何だかんだで、ここまで数多くの激戦を潜り抜けている俺の騎獣だ。引き際はわきまえているだろう。

威勢良く頷いたセイランに満足し、俺はその背から飛び降りた。

「さてと、結構な数を用意してきたもんだが――」

正直なところ、ここに降下するのはあまり賢い選択肢であるとは言えないだろう。

悪魔の増援に対して直接対処するということは、後方には集落で戦闘を続けている悪魔がいるということなのだから。

もしも集落側の悪魔がこちらに攻撃を仕掛けてくれば、俺は全方位の敵に対処しなくてはならなくなる。

けれど――

「――増援も、ゲートも、全部破壊してやる。それが一番手っ取り早いだろう」

餓狼丸を構え、前へと進み出る。

敵の数は多い。こちらを確実に潰そうとする増援だろう。

逆に言えば、これらを正面から迎撃した上で押し返すことができれば、相手側の思惑を一つ潰すことができる。

それだけ、挑戦する価値はあるだろう。

「だからこそ、本気で殺してやる――《夜叉業》」

角が伸び、右手が赤黒い炎に燃え上がる。

スキルと魔法、そして餓狼丸の解放――全ての攻撃力上昇を重ねた、この状態。

それがどれほどの攻撃力を有しているのか、目の前の悪魔たちで確かめてやることとしよう。

「《練命剣》、【命輝一陣】」

斬法――剛の型、迅雷。

一度納刀した餓狼丸を、神速で抜き放つ。

眩い軌跡を残した一閃は生命力の刃となり、そのまま凄まじい速度で、迫り来る悪魔へと正面から襲い掛かる。

一瞬の閃光にしか見えなかったであろうその一閃は、その射程の限界まで悪魔たちを胴から真っ二つにして見せた。

その結果に、俺は口角を吊り上げて笑う。

「成程、いい威力じゃねぇか」

【命輝一陣】は、命中するたびに威力が減衰し、敵を一撃で倒せない威力まで下がった時に消滅する。

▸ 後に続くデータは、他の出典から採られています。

text \<open>A run of DFNDFL: x k = x_k, xt k = tilde x_k, ac k = tilde alpha^c_k, xi k = xi_k,
D k = D_k, ta k d = tilde alpha^(d)_k, ord k = the order in which D_k is scanned in
Phase 2.A (any enumeration of D_k; the loop may stop early).\<close>
definition DFNDFL_run ::
  "'n set \<Rightarrow> 'n set \<Rightarrow> real^'n \<Rightarrow> real^'n \<Rightarrow> (real^'n \<Rightarrow> real) \<Rightarrow> real \<Rightarrow> real \<Rightarrow> real
   \<Rightarrow> real^'n \<Rightarrow> real \<Rightarrow> (nat \<Rightarrow> real^'n) \<Rightarrow> (real^'n) set
   \<Rightarrow> (nat \<Rightarrow> real^'n) \<Rightarrow> (nat \<Rightarrow> real^'n) \<Rightarrow> (nat \<Rightarrow> real) \<Rightarrow> (nat \<Rightarrow> real)
   \<Rightarrow> (nat \<Rightarrow> (real^'n) set) \<Rightarrow> (nat \<Rightarrow> real^'n \<Rightarrow> real) \<Rightarrow> (nat \<Rightarrow> (real^'n) list) \<Rightarrow> bool"
where
  "DFNDFL_run Ic Iz l u f \<gamma> \<delta> \<theta> x0 \<xi>0 s D0 x xt ac xi D ta ord \<longleftrightarrow>
     x 0 = x0 \<and> xi 0 = \<xi>0 \<and> ac 0 = 1 \<and> D 0 = D0 \<and> (\<forall>d\<in>D0. ta 0 d = 1) \<and>
     (\<forall>k.
       (let (a, st) = PCS f l u \<gamma> \<delta> (ac k) (x k) (s k) in
          if a = 0 then ac (Suc k) = \<theta> * ac k \<and> xt k = x k
          else ac (Suc k) = a \<and> xt k = proj l u (x k + a *\<^sub>R st))
       \<and> distinct (ord k) \<and> set (ord k) = D k
       \<and> (let (yp, ta') = phase2A f Iz l u (xi k) (xt k) (ta k) (ord k) in
           (if yp = xt k \<and> (\<forall>d\<in>D k. ta k d = 1) then
              xi (Suc k) = \<theta> * xi k \<and>
              (if Dz Ic Iz l u (xt k) \<subseteq> D k then D (Suc k) = D k \<and> ta (Suc k) = ta'
               else D (Suc k) \<subseteq> Dz Ic Iz l u (xt k) \<and> D k \<subset> D (Suc k)
                    \<and> ta (Suc k) = (\<lambda>d. if d \<in> D (Suc k) - D k then 1 else ta' d))
            else D (Suc k) = D k \<and> xi (Suc k) = xi k \<and> ta (Suc k) = ta')
           \<and> x (Suc k) \<in> Xbox l u \<inter> Zset Iz \<and> f (x (Suc k)) \<le> f yp))"

end

theory Submission
  imports Defs
begin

それが、射程の限界まで消滅することなく、敵を斬り裂き続けたのだ。

例えデーモンばかりであったとしても、これほどの威力は見事と言わざるを得ない。

流石にアークデーモンが混ざっていればこうはいかなかっただろうが、高々【命輝一陣】でここまでダメージを出せるのであれば十分だろう。

「《奪命剣》、【咆風呪】」

次いで、広範囲に広がる呪いの風を放つ。

こちらは威力の減衰も無く、相手の防御力すら無視する攻撃だ。

巻き込まれた悪魔たちから、デーモンは瞬く間にHPを吸い尽くされて、ミイラのように枯れ果てながら消滅する。

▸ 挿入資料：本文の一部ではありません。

(* Let $\epsilon=\epsilon_1\cdots\epsilon_n$ be the reversal of an inversion sequence (equivalently, an integer sequence with $0\le\epsilon_i\le n-i$ for all $i$), and let $\epsilon'$ be the sequence obtained by applying Algorithm A (described below) to $\epsilon$. Then $\epsilon'$ is also the reversal of an inversion sequence.
   Context: An inversion sequence of length $n$ is an integer sequence $\epsilon_1\cdots\epsilon_n$ with $0\le\epsilon_i<i$ for all $i$; its reversal is $\epsilon_n\cdots\epsilon_1$. The reduction of an integer word replaces each occurrence of its $k$-th smallest distinct value by $k-1$; a consecutive pattern $\underline{p_1p_2p_3p_4}$ occurs in a sequence at position $i$ if the reduction of its entries in positions $i,\dots,i+3$ equals $p_1p_2p_3p_4$. Let $p=\underline{0102}$ and $q=\underline{0112}$. Algorithm A, on input an integer sequence $\mathrm{seq}=\epsilon_1\cdots\epsilon_n$: let $E_p$, $E_q$ be the sets of positions of occurrences of $p$, resp. $q$, in the input sequence; set $\mathrm{last}:=$ null. For $i=1,2,\dots,n$ in order: let $N_p,N_q$ be the sets of positions of occurrences of $p$, resp. $q$, in the current sequence. If $i-2\in E_p$: set $\mathrm{last}:=\mathrm{seq}[i]$ and $\mathrm{seq}[i]:=\mathrm{seq}[i-1]$. Else if $i-2\in E_q$: set $\mathrm{last}:=\mathrm{seq}[i]$ and $\mathrm{seq}[i]:=\mathrm{seq}[i-2]$. Else if $i-2\in N_p$ or $i-2\in N_q$: swap the values of $\mathrm{seq}[i]$ and $\mathrm{last}$. Output $\mathrm{seq}$. *)

theory Defs
  imports Main
begin

(* Sequences are lists; position i (1-based, as in the paper) is entry  xs ! (i - 1). *)

definition reduction :: "'a::linorder list \<Rightarrow> nat list" where
  "reduction w = map (\<lambda>x. card {y \<in> set w. y < x}) w"

definition occurs_at :: "nat list \<Rightarrow> 'a::linorder list \<Rightarrow> nat \<Rightarrow> bool" where
  "occurs_at pat w i \<longleftrightarrow> 1 \<le> i \<and> i + 3 \<le> length w \<and> reduction (take 4 (drop (i - 1) w)) = pat"

definition pat_p :: "nat list" where "pat_p = [0,1,0,2]"
definition pat_q :: "nat list" where "pat_q = [0,1,1,2]"

(* One iteration (index i) of Algorithm A. orig is the input sequence (used for E_p, E_q);
   the state is (current sequence, last), last = None meaning null. *)
definition stepA :: "'a::linorder list \<Rightarrow> 'a list \<times> 'a option \<Rightarrow> nat \<Rightarrow> 'a list \<times> 'a option" where
  "stepA orig st i =
     (let s = fst st; last = snd st in
      if occurs_at pat_p orig (i - 2) then (s[i - 1 := s ! (i - 2)], Some (s ! (i - 1)))
      else if occurs_at pat_q orig (i - 2) then (s[i - 1 := s ! (i - 3)], Some (s ! (i - 1)))
      else if occurs_at pat_p s (i - 2) \<or> occurs_at pat_q s (i - 2) then
        (case last of Some v \<Rightarrow> (s[i - 1 := v], Some (s ! (i - 1))) | None \<Rightarrow> (s, last))
      else (s, last))"

definition algA :: "'a::linorder list \<Rightarrow> 'a list" where
  "algA xs = fst (foldl (stepA xs) (xs, None) [1..<length xs + 1])"

definition inversion_seq :: "nat list \<Rightarrow> bool" where
  "inversion_seq e \<longleftrightarrow> (\<forall>i<length e. e ! i < i + 1)"

definition rev_inversion_seq :: "nat list \<Rightarrow> bool" where
  "rev_inversion_seq e \<longleftrightarrow> inversion_seq (rev e)"

end

theory Submission
  imports Defs
begin

(* In both patterns 0102 and 0112 the last entry is the strict maximum of the window. Hence every
   value that Algorithm A writes at a position i is smaller than the input entry at position i + 1,
   and every output entry is at most the input entry at its own position or smaller than the one at
   the next position; for a reversed inversion sequence (entry i at most n - i) both bounds give
   entry i of the output at most n - i.
   For a value taken from last this needs an argument: last always lies below an input entry that is
   still untouched, as is everything after it. If that entry lay before the current window, the whole
   window would be untouched, and a pattern in the current sequence would already be one of the
   input, a case handled by the first two branches. *)

lemma reduction_nth_less_imp_less:
  fixes w :: "'a::linorder list"
  assumes "i < length w" "j < length w" and "reduction w ! i < reduction w ! j"
  shows "w ! i < w ! j"
proof (rule ccontr)
  assume "\<not> w ! i < w ! j"
  then have "{y \<in> set w. y < w ! j} \<subseteq> {y \<in> set w. y < w ! i}"
    by auto
  then have "card {y \<in> set w. y < w ! j} \<le> card {y \<in> set w. y < w ! i}"
    by (intro card_mono) auto
  with assms show False
    by (simp add: reduction_def)
qed

lemma not_occurs_at_0 [simp]: "\<not> occurs_at pat w 0"
  by (simp add: occurs_at_def)

lemma occurs_at_Suc_iff:
  "occurs_at pat w (Suc m) \<longleftrightarrow>
     m + 4 \<le> length w \<and> reduction [w ! m, w ! (m + 1), w ! (m + 2), w ! (m + 3)] = pat"
proof -
  have "take 4 (drop m w) = [w ! m, w ! (m + 1), w ! (m + 2), w ! (m + 3)]" if "m + 4 \<le> length w"
    using that by (simp add: take_Suc_conv_app_nth numeral_eq_Suc)
  then show ?thesis
    by (auto simp: occurs_at_def)
qed

lemma occurs_at_Suc_cong:
  assumes "length v = length w" and "\<And>t. m \<le> t \<Longrightarrow> t \<le> m + 3 \<Longrightarrow> v ! t = w ! t"
  shows "occurs_at pat v (Suc m) \<longleftrightarrow> occurs_at pat w (Suc m)"
  using assms by (simp add: occurs_at_Suc_iff)

lemma occurs_at_pat_p_or_q_peak:
  fixes w :: "'a::linorder list"
  assumes "occurs_at pat_p w (Suc m) \<or> occurs_at pat_q w (Suc m)"
  shows "m + 3 < length w \<and>
    w ! m < w ! (m + 3) \<and> w ! (m + 1) < w ! (m + 3) \<and> w ! (m + 2) < w ! (m + 3)"
proof -
  let ?win = "[w ! m, w ! (m + 1), w ! (m + 2), w ! (m + 3)]"
  from assms have len: "m + 3 < length w" and red: "reduction ?win \<in> {pat_p, pat_q}"
    by (auto simp: occurs_at_Suc_iff)
  have "reduction ?win ! 0 < reduction ?win ! 3" "reduction ?win ! 1 < reduction ?win ! 3"
    "reduction ?win ! 2 < reduction ?win ! 3"
    using red by (auto simp: pat_p_def pat_q_def)
  then have "?win ! 0 < ?win ! 3" "?win ! 1 < ?win ! 3" "?win ! 2 < ?win ! 3"
    by (simp_all only: reduction_nth_less_imp_less[of _ ?win 3] length_Cons list.size)
  with len show ?thesis
    by simp
qed

definition agrees_from :: "'a list \<Rightarrow> 'a list \<Rightarrow> nat \<Rightarrow> bool" where
  "agrees_from xs s k \<longleftrightarrow> (\<forall>t. k \<le> t \<longrightarrow> t < length xs \<longrightarrow> s ! t = xs ! t)"

definition dominated_by :: "'a::linorder list \<Rightarrow> 'a list \<Rightarrow> bool" where
  "dominated_by xs s \<longleftrightarrow>
     (\<forall>t < length xs. s ! t \<le> xs ! t \<or> (Suc t < length xs \<and> s ! t < xs ! Suc t))"

definition algA_inv :: "'a::linorder list \<Rightarrow> nat \<Rightarrow> 'a list \<times> 'a option \<Rightarrow> bool" where
  "algA_inv xs j st \<longleftrightarrow>
     length (fst st) = length xs \<and> agrees_from xs (fst st) j \<and> dominated_by xs (fst st) \<and>
     (\<forall>v. snd st = Some v \<longrightarrow> (\<exists>k \<le> j. v < xs ! k \<and> agrees_from xs (fst st) k))"

lemma dominated_by_nth_less:
  assumes "dominated_by xs s" "t < length xs" "xs ! t < c" "Suc t < length xs \<Longrightarrow> xs ! Suc t < c"
  shows "s ! t < c"
  using assms unfolding dominated_by_def by force

lemma agrees_from_mono: "agrees_from xs s k \<Longrightarrow> k \<le> k' \<Longrightarrow> agrees_from xs s k'"
  by (simp add: agrees_from_def)

lemma algA_inv_update:
  assumes inv: "algA_inv xs j (s, l)"
    and j: "Suc j < length xs" and x: "x < xs ! Suc j" and peak: "xs ! j < xs ! Suc j"
  shows "algA_inv xs (Suc j) (s[j := x], Some (s ! j))"
proof -
  from inv have len: "length s = length xs" and agree: "agrees_from xs s j"
    and dom: "dominated_by xs s"
    by (simp_all add: algA_inv_def)
  have agree': "agrees_from xs (s[j := x]) (Suc j)"
    using agree by (simp add: agrees_from_def)
  have "dominated_by xs (s[j := x])"
    using dom len j x by (auto simp: dominated_by_def nth_list_update)
  moreover have "s ! j < xs ! Suc j"
    using agree j peak by (simp add: agrees_from_def)
  ultimately show ?thesis
    using len agree' by (auto simp: algA_inv_def)
qed

lemma algA_inv_unchanged:
  assumes "algA_inv xs j (s, l)"
  shows "algA_inv xs (Suc j) (s, l)"
proof -
  have "\<exists>k \<le> Suc j. P k" if "\<exists>k \<le> j. P k" for P
    using that le_SucI by blast
  with assms show ?thesis
    by (simp add: algA_inv_def agrees_from_mono[of xs s j "Suc j"])
qed

lemma stepA_less_3: "i < 3 \<Longrightarrow> stepA xs (s, l) i = (s, l)"
  by (simp add: stepA_def)

lemma stepA_add_3:
  "stepA xs (s, l) (m + 3) =
     (if occurs_at pat_p xs (Suc m) then (s[m + 2 := s ! (m + 1)], Some (s ! (m + 2)))
      else if occurs_at pat_q xs (Suc m) then (s[m + 2 := s ! m], Some (s ! (m + 2)))
      else if occurs_at pat_p s (Suc m) \<or> occurs_at pat_q s (Suc m) then
        (case l of Some v \<Rightarrow> (s[m + 2 := v], Some (s ! (m + 2))) | None \<Rightarrow> (s, l))
      else (s, l))"
  by (cases l) (simp_all add: stepA_def numeral_eq_Suc)

lemma dominated_by_less_peak:
  assumes "dominated_by xs s" and "occurs_at pat_p xs (Suc m) \<or> occurs_at pat_q xs (Suc m)"
    and "t = m \<or> t = m + 1"
  shows "s ! t < xs ! (m + 3)"
  using assms(3) occurs_at_pat_p_or_q_peak[OF assms(2)]
  by (intro dominated_by_nth_less[OF assms(1)]) auto

lemma algA_inv_last_less_peak:
  assumes inv: "algA_inv xs (m + 2) (s, Some v)"
    and not_xs: "\<not> occurs_at pat_p xs (Suc m)" "\<not> occurs_at pat_q xs (Suc m)"
    and occ_s: "occurs_at pat_p s (Suc m) \<or> occurs_at pat_q s (Suc m)"
  shows "v < xs ! (m + 3)"
proof -
  from inv have len: "length s = length xs" and agree: "agrees_from xs s (m + 2)"
    and "\<exists>k \<le> m + 2. v < xs ! k \<and> agrees_from xs s k"
    by (simp_all add: algA_inv_def)
  then obtain k where k: "k \<le> m + 2" "v < xs ! k" "agrees_from xs s k"
    by blast
  from occurs_at_pat_p_or_q_peak[OF occ_s] len have peak: "m + 3 < length xs"
    "s ! (m + 1) < s ! (m + 3)" "s ! (m + 2) < s ! (m + 3)"
    by auto
  with agree have top: "s ! (m + 2) = xs ! (m + 2)" "s ! (m + 3) = xs ! (m + 3)"
    by (simp_all add: agrees_from_def)
  have "m < k"
  proof (rule ccontr)
    assume "\<not> m < k"
    with k(3) peak(1) have "occurs_at pat s (Suc m) \<longleftrightarrow> occurs_at pat xs (Suc m)" for pat
      by (intro occurs_at_Suc_cong) (auto simp: len agrees_from_def)
    with not_xs occ_s show False
      by simp
  qed
  with k peak top show ?thesis
    by (auto simp: agrees_from_def le_Suc_eq numeral_eq_Suc)
qed

lemma stepA_cases:
  fixes xs :: "'a::linorder list"
  assumes inv: "algA_inv xs j (s, l)"
  obtains (unchanged) "stepA xs (s, l) (Suc j) = (s, l)"
  | (update) x where "stepA xs (s, l) (Suc j) = (s[j := x], Some (s ! j))"
      "Suc j < length xs" "x < xs ! Suc j" "xs ! j < xs ! Suc j"
proof (cases "j < 2")
  case True
  then show ?thesis
    by (intro unchanged stepA_less_3) simp
next
  case False
  then obtain m where j: "j = m + 2"
    by (metis add.commute le_Suc_ex not_less)
  then have "Suc j = m + 3"
    by simp
  note unchanged' = unchanged[unfolded this] and update' = update[unfolded this, unfolded j]
  consider (xs_p) "occurs_at pat_p xs (Suc m)"
    | (xs_q) "\<not> occurs_at pat_p xs (Suc m)" "occurs_at pat_q xs (Suc m)"
    | (s_pq) v where "\<not> occurs_at pat_p xs (Suc m)" "\<not> occurs_at pat_q xs (Suc m)"
        "occurs_at pat_p s (Suc m) \<or> occurs_at pat_q s (Suc m)" "l = Some v"
    | (none) "\<not> occurs_at pat_p xs (Suc m)" "\<not> occurs_at pat_q xs (Suc m)"
        "\<not> (occurs_at pat_p s (Suc m) \<or> occurs_at pat_q s (Suc m)) \<or> l = None"
    by (cases l) auto
  then show ?thesis
  proof cases
    case xs_p
    with inv show ?thesis
      using occurs_at_pat_p_or_q_peak[of xs m] dominated_by_less_peak[of xs s m "m + 1"]
      by (intro update'[where x = "s ! (m + 1)"]) (auto simp: stepA_add_3 algA_inv_def)
  next
    case xs_q
    with inv show ?thesis
      using occurs_at_pat_p_or_q_peak[of xs m] dominated_by_less_peak[of xs s m m]
      by (intro update'[where x = "s ! m"]) (auto simp: stepA_add_3 algA_inv_def)
  next
    case s_pq
    with inv have "v < xs ! (m + 3)"
      by (intro algA_inv_last_less_peak) (simp_all add: j)
    moreover from s_pq have "m + 3 < length s" "s ! (m + 2) < s ! (m + 3)"
      using occurs_at_pat_p_or_q_peak by blast+
    moreover from inv have "length s = length xs" "agrees_from xs s (m + 2)"
      by (simp_all add: algA_inv_def j)
    ultimately show ?thesis
      using s_pq by (intro update'[where x = v]) (auto simp: stepA_add_3 agrees_from_def)
  next
    case none
    then show ?thesis
      by (intro unchanged') (auto simp: stepA_add_3)
  qed
qed

lemma algA_inv_stepA:
  assumes "algA_inv xs j st"
  shows "algA_inv xs (Suc j) (stepA xs st (Suc j))"
proof -
  obtain s l where st: "st = (s, l)"
    by fastforce
  from assms have inv: "algA_inv xs j (s, l)"
    by (simp add: st)
  then show ?thesis
  proof (cases rule: stepA_cases)
    case unchanged
    with inv show ?thesis
      by (simp add: st algA_inv_unchanged)
  next
    case (update x)
    with inv show ?thesis
      by (simp add: st algA_inv_update)
  qed
qed

lemma algA_inv_foldl: "algA_inv xs j (foldl (stepA xs) (xs, None) [1..<Suc j])"
proof (induction j)
  case 0
  show ?case
    by (simp add: algA_inv_def agrees_from_def dominated_by_def)
next
  case (Suc j)
  then show ?case
    using algA_inv_stepA by fastforce
qed

theorem algA_dominated_by: "length (algA xs) = length xs \<and> dominated_by xs (algA xs)"
  using algA_inv_foldl[of xs "length xs"] by (simp add: algA_def algA_inv_def)

lemma rev_inversion_seq_iff: "rev_inversion_seq e \<longleftrightarrow> (\<forall>t < length e. e ! t + t < length e)"
proof -
  have "(\<forall>i < length e. rev e ! i < Suc i) \<longleftrightarrow> (\<forall>t < length e. e ! t + t < length e)"
  proof (intro iffI allI impI)
    fix t assume "\<forall>i < length e. rev e ! i < Suc i" "t < length e"
    then show "e ! t + t < length e"
      by (auto dest!: spec[of _ "length e - Suc t"] simp: rev_nth)
  next
    fix i assume "\<forall>t < length e. e ! t + t < length e" "i < length e"
    then show "rev e ! i < Suc i"
      by (auto dest!: spec[of _ "length e - Suc i"] simp: rev_nth)
  qed
  then show ?thesis
    by (simp add: rev_inversion_seq_def inversion_seq_def)
qed

theorem corollary2:
  fixes e :: "nat list"
  assumes "rev_inversion_seq e"
  shows "rev_inversion_seq (algA e)"
proof -
  have bound: "e ! t + t < length e" if "t < length e" for t
    using assms that by (simp add: rev_inversion_seq_iff)
  have "algA e ! t + t < length e" if "t < length e" for t
  proof -
    from algA_dominated_by[of e] that
    have "algA e ! t \<le> e ! t \<or> (Suc t < length e \<and> algA e ! t < e ! Suc t)"
      by (simp add: dominated_by_def)
    with bound[OF that] bound[of "Suc t"] show ?thesis
      by auto
  qed
  then show ?thesis
    by (simp add: rev_inversion_seq_iff algA_dominated_by)
qed

end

残るのは、デーモンに比べて体力の高いアークデーモンだけだ。

流石に、アークデーモンのHPを吸い尽くせるまでには至っていないらしい。

だが、ここまで数が減っているのであれば、直接斬ってやれば済む話だ。

歩法――縮地。

【咆風呪】のダメージで脱力し、片膝を着いているアークデーモンへと肉薄する。

その動きが鈍っている今ならば、斬り捨てることなどあまりに容易い。

そのまま走らせた一閃は、アークデーモンの首を豆腐か何かのように容易く斬り裂いてしまった。

「うーむ……ちょいと特化させすぎたかもしれんな、これは」

これまでひたすら攻撃力増加を続けてきたのは、格上の悪魔相手に戦うためである。

たとえ相手の攻撃に対処することができたとしても、攻撃力が低ければダメージを与えられず、勝利には届かない。

その対策のための攻撃力特化であったのだが、まさかここまでに達していようとは。

まあ、防御力は相変わらず何も強化していないため、アークデーモンどころかデーモンに殴られても大ダメージを受けるわけなのだが。

「まあいい、悪魔を効率的に殺せるのなら、それに越したことは無いからな」

摺り足で距離を詰め、首を貫き、払う。

そのまま重心を移動させることによって次なる一歩へと足を動かし、体ごと動かすように刃を振るってもう一体のアークデーモンを斬り捨てる。

高めに高めた攻撃力は、最早《練命剣》を使わずともアークデーモンの体を袈裟懸けに両断できてしまうほど。

ある程度の威力を確かめて、俺は更に前へと足を進める。

目標はゲートの破壊なのだ、のんびりしていても話は進まない。

【咆風呪】の効果が及ばなかった範囲から、黒い靄が晴れたことで新たな悪魔が向かってくる。

どうやら、何も考えずに効果範囲に入ってくるほど考えなしというわけではないらしい。

「《練命剣》、【煌命閃】!」

敵の数は多く、できるだけ多くの相手を一度に屠らなければ間に合わない。

俺はあまり範囲攻撃には優れていないため、こういう時が厄介なのだが――それでも、対応できないというわけではない。

斬法――剛の型、輪旋。

刃を大きく振るい、可能な限り【煌命閃】の効果範囲を広げる。

弧を描くように広がった一閃は、左右に展開しようとしていた悪魔を丸ごと斬り裂いた。

そこそこにHPを使ってしまったが、囲まれるよりはマシだろう。

次いで――

「《奪命剣》、【呪衝閃】!」

斬法――剛の型、穿牙。

三魔剣のいいところは、一撃の速さや鋭さがそのままテクニックの威力に反映されるところだろう。

俺の放つ一撃、久遠神通流の術理は、確かに三魔剣による攻撃を強くしてくれている。

餓狼丸に纏わりついた粘性を持つ闇は、俺の刺突の一撃と共に前方へと向けて大きく伸びる。

如意棒が実在するならばこのような動きをするのか、などという益体もないことを考えながら、俺はその一撃によって正面の悪魔を丸ごと刺し貫いた。

【煌命閃】で消費したHPは一気に回復しながら、更に前へ。

目指す先はこの悪魔の群れを吐き出しているゲート。悪魔を殲滅し続けながら、先に進んでいくこととしよう。